Saímos do corpo?

junho 21, 2015

Por Flávio Amaral

O que é possível afirmar sobre as controvertidas experiências fora do corpo?

Platão provavelmente responderia que sim, como sugerem os diálogos de A República sobre o armênio Er, e sua famosa alegoria da caverna. E seu aluno, Aristóteles, também demonstraria que o Sol gira em torno da Terra, fundamentado na trigonometria – um dos recursos científicos mais avançados da época. Ambos eram pensadores ilustres buscando conhecer as coisas, quer pelas ciências exatas, quer pela reflexão filosófica. Nenhum era infalível.

Mas ainda hoje queremos uma resposta infalível para a pergunta: saímos do corpo?

viagem astralMuita gente “sabe que sim”. Para estes, a experiência pessoal é prova suficiente para responder a este problema. Entretanto, se assim fosse, não existiria ilusão, nem truques de mágica, nem engano, nem alucinações individuais ou coletivas. Bastaria a confirmação das percepções pessoais para que algo fosse ratificado como verdadeiro.

Faça o clássico experimento de ilusão térmica com água e outros com os quais conseguimos “enganar” nossas percepções (confira alguns aqui e aqui). Ou tenha uma experiência fora do corpo e perceba como nem tudo no seu quarto continua no mesmo lugar. Assim sendo, por que devemos considerar que a experiência pessoal – por mais que aparente ser real – é infalível para aferir a “realidade”?

Aliás, nossos sentidos nos mostram o Sol girando em torno da Terra, diariamente, e não o contrário. Ninguém, por “experiência pessoal”, concluiria que nosso planeta circunda aquele astro à velocidade de 30km/s, além disso, girando em torno do próprio eixo a 1.700km/h.

Mas uma coisa é fato: as experiências fora do corpo (EFCs) são percebidas como reais, objetivas, não simplesmente imaginadas ou subjetivas. E não se tratam de experiências mais frequentes em indivíduos com quadros de doença psiquiátrica. Imagine-se levantando a mão direita e, em seguida, levante a mão direita. Esta é a mesma diferença entre a experiência de estar fora do corpo e a experiência de imaginar-se fora do corpo.

As EFCs também se apresentam de modo diferente de uma alucinação febril ou sonho, por exemplo. Estes últimos costumam revelar-se “irreais” a partir do momento em que o indivíduo acorda ou retorna ao seu estado de consciência normal. Inversamente, após a EFC característica, a lembrança é de que se estava “acordado fora do corpo”, enquanto o corpo dormia (sem falar de EFCs mais raras que ocorrem ao caminhar, correr, praticar esporte, sofrer um acidente etc).

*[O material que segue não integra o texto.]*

lemma card_descending_edges_le:
  fixes adj :: "'v \<Rightarrow> 'v \<Rightarrow> bool" and rk :: "'v \<Rightarrow> 'b::linorder"
  assumes "finite T" "T \<noteq> {}"
    and sym: "\<And>x y. adj x y \<Longrightarrow> adj y x"
    and lower_unique: "\<And>v u1 u2. adj u1 v \<Longrightarrow> adj u2 v \<Longrightarrow> rk u1 < rk v \<Longrightarrow> rk u2 < rk v \<Longrightarrow> u1 = u2"
  shows "card (descending_edges adj rk T) \<le> card T - 1"
proof -
  define m where "m = arg_min_on rk T"
  have m: "m \<in> T" "\<And>x. x \<in> T \<Longrightarrow> rk m \<le> rk x"
    using arg_min_if_finite(1)[OF assms(1,2)] arg_min_least[OF assms(1,2)] unfolding m_def by auto
  have "inj_on fst (descending_edges adj rk T)"
    using lower_unique[OF sym sym] by (auto simp: descending_edges_def inj_on_def)
  moreover have "fst ` descending_edges adj rk T \<subseteq> T - {m}"
    using m by (force simp: descending_edges_def)
  ultimately have "card (descending_edges adj rk T) \<le> card (T - {m})"
    using assms(1) card_mono[of "T - {m}" "fst ` descending_edges adj rk T"] by (simp add: card_image)
  then show ?thesis using m(1) assms(1) by simp
qed

lemma connected_parent_map:
  assumes "\<forall>s\<in>T. \<forall>t\<in>T. R\<^sup>*\<^sup>* s t" "r \<in> T"
  obtains g :: "'v \<Rightarrow> 'v" and d :: "'v \<Rightarrow> nat"
  where "\<And>v. v \<in> T \<Longrightarrow> v \<noteq> r \<Longrightarrow> R v (g v) \<and> d (g v) < d v"
proof -
  define d where "d v = (LEAST n. (R ^^ n) v r)" for v
  have parent: "\<exists>w. R v w \<and> d w < d v" if "v \<in> T" "v \<noteq> r" for v
  proof -
    have "\<exists>n. (R ^^ n) v r" using assms that by (metis rtranclp_power)
    then have "(R ^^ d v) v r" unfolding d_def by (rule LeastI_ex)
    moreover have "d v \<noteq> 0" using calculation that(2) by (cases "d v") auto
    ultimately obtain k w where "d v = Suc k" "R v w" "(R ^^ k) w r"
      using not0_implies_Suc relpowp_Suc_D2 by metis
    moreover have "d w \<le> k" unfolding d_def using calculation(3) by (rule Least_le)
    ultimately show ?thesis by auto
  qed
  have "R v (SOME w. R v w \<and> d w < d v) \<and> d (SOME w. R v w \<and> d w < d v) < d v"
    if "v \<in> T" "v \<noteq> r" for v
    using parent[OF that] by (rule someI_ex)
  then show thesis by (rule that)
qed

lemma card_descending_edges_ge:
  fixes adj :: "'v \<Rightarrow> 'v \<Rightarrow> bool" and rk :: "'v \<Rightarrow> 'b::linorder"
  assumes "finite T" "T \<noteq> {}"
    and conn: "\<forall>s\<in>T. \<forall>t\<in>T. (\<lambda>x y. x \<in> T \<and> y \<in> T \<and> adj x y)\<^sup>*\<^sup>* s t"
    and sym: "\<And>x y. adj x y \<Longrightarrow> adj y x"
    and rk_neq: "\<And>x y. adj x y \<Longrightarrow> rk x \<noteq> rk y"
  shows "card T - 1 \<le> card (descending_edges adj rk T)"
proof -
  obtain r where r: "r \<in> T" using assms(2) by blast
  obtain g and d :: "'v \<Rightarrow> nat" where g: "\<And>v. v \<in> T \<Longrightarrow> v \<noteq> r \<Longrightarrow>
      g v \<in> T \<and> adj v (g v) \<and> d (g v) < d v"
    using connected_parent_map[OF conn r] by auto
  \<comment> \<open>the edges of a spanning tree of \<open>T\<close>, oriented downwards\<close>
  define e where "e v = (if rk (g v) < rk v then (v, g v) else (g v, v))" for v
  have "e v \<in> descending_edges adj rk T" if "v \<in> T - {r}" for v
    using g[of v] sym[of v "g v"] rk_neq[of v "g v"] that by (auto simp: e_def descending_edges_def)
  then have "e ` (T - {r}) \<subseteq> descending_edges adj rk T" by blast
  moreover have "inj_on e (T - {r})"
  proof (rule inj_onI)
    fix v v' assume v: "v \<in> T - {r}" and v': "v' \<in> T - {r}" and "e v = e v'"
    then have "v = v' \<or> (v = g v' \<and> g v = v')" unfolding e_def by (auto split: if_splits)
    then show "v = v'" using g[of v] g[of v'] v v' by auto
  qed
  ultimately have "card (T - {r}) \<le> card (descending_edges adj rk T)"
    using finite_descending_edges[OF assms(1)] by (intro card_inj_on_le[of e])
  then show ?thesis using r assms(1) by simp
qed

lemma adjacent_pairs_eq_descending_edges:
  assumes sym: "\<And>x y. adj x y \<Longrightarrow> adj y x" and rk_neq: "\<And>x y. adj x y \<Longrightarrow> rk x \<noteq> rk y"
  shows "{(u, v). u \<in> T \<and> v \<in> T \<and> adj u v} =
    descending_edges adj rk T \<union> prod.swap ` descending_edges adj rk T"
proof (intro equalityI subsetI)
  fix e assume "e \<in> {(u, v). u \<in> T \<and> v \<in> T \<and> adj u v}"
  then obtain u v where e: "e = (u, v)" "u \<in> T" "v \<in> T" "adj u v" by auto
  show "e \<in> descending_edges adj rk T \<union> prod.swap ` descending_edges adj rk T"
  proof (cases "rk v < rk u")
    case False
    then have "(v, u) \<in> descending_edges adj rk T"
      using e sym[OF e(4)] rk_neq[OF e(4)] by (simp add: descending_edges_def neq_iff)
    then show ?thesis using e(1) by (simp add: rev_image_eqI)
  qed (use e in \<open>simp add: descending_edges_def\<close>)
next
  fix e assume "e \<in> descending_edges adj rk T \<union> prod.swap ` descending_edges adj rk T"
  then consider "e \<in> descending_edges adj rk T" | u v where
    "(u, v) \<in> descending_edges adj rk T" "e = (v, u)" by auto
  then show "e \<in> {(u, v). u \<in> T \<and> v \<in> T \<and> adj u v}"
  proof cases
    case (2 u v)
    then show ?thesis using sym[of u v] by (simp add: descending_edges_def)
  qed (auto simp: descending_edges_def)
qed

Real ou não, a EFC não é algo explicável como fruto de simples e corriqueira imaginação.

mente

Outras pessoas, por sua vez, “sabem que não”. Não saímos do corpo e ponto final – são meras experiências alucinatórias. Há pesquisas como a do neurocientista Olaf Blanke produzindo a percepção de que uma prótese é, de fato, parte do corpo da pessoa, ou induzindo EFCs a partir da ativação de determinadas áreas cerebrais.

Mas estas pesquisas não são suficientes para eliminar a hipotética existência de um espírito que sai do corpo, da mesma maneira que produzir a experiência ilusória da mão biológica em uma prótese, ou mesmo a experiência dos membros-fantasma, não é suficiente para negar a existência de mãos ou membros biológicos materiais e objetivos.

Não obstante, um benefício desse tipo de pesquisa é demonstrar como percepções anômalas, incomuns, anormais, podem ser produzidas em indivíduos perfeitamente saudáveis, ajudando a romper uma longa e velha tradição de considerar as EFCs – ainda que sejam apenas percepções alucinatórias – como sendo experiências patológicas, doentias.

Alguns psicólogos como Renauld Evrard investigam diagnósticos diferenciais entre psicopatologias e as chamadas percepções anômalas, o que levou a pesquisadora Christine Simmonds-Moore a cunhar informalmente o termo “happy schizotypes” (esquizotípicos felizes) para descrever pessoas com nível significativo de percepção incomum nas escalas de esquizotipia, embora apresentem pontuações normais ou acima da média nos índices de saúde mental e bem-estar.

Algo semelhante ocorre com os sinestésicos. Quem somos nós para afirmarmos que um Dó Sustenido não pode ser sentido como vermelho ou doce? Ou que a letra A não tem uma textura áspera? Aliás, quem somos nós para considerarmos que um daltônico enxerga “errado”, se outros animais são naturalmente daltônicos e nós, humanos “normais”, tampouco identificamos certas cores discriminadas por outras espécies.

Tratam-se apenas de estímulos ambientais que ativam ou não os sentidos físicos e circuitos cerebrais, de uma forma ou de outra. Portanto, quem somos nós para afirmarmos que uma pessoa está errada, enganada ou iludida, ao sentir-se fora do corpo? Quem disse que o correto é sentir-se “dentro” do corpo?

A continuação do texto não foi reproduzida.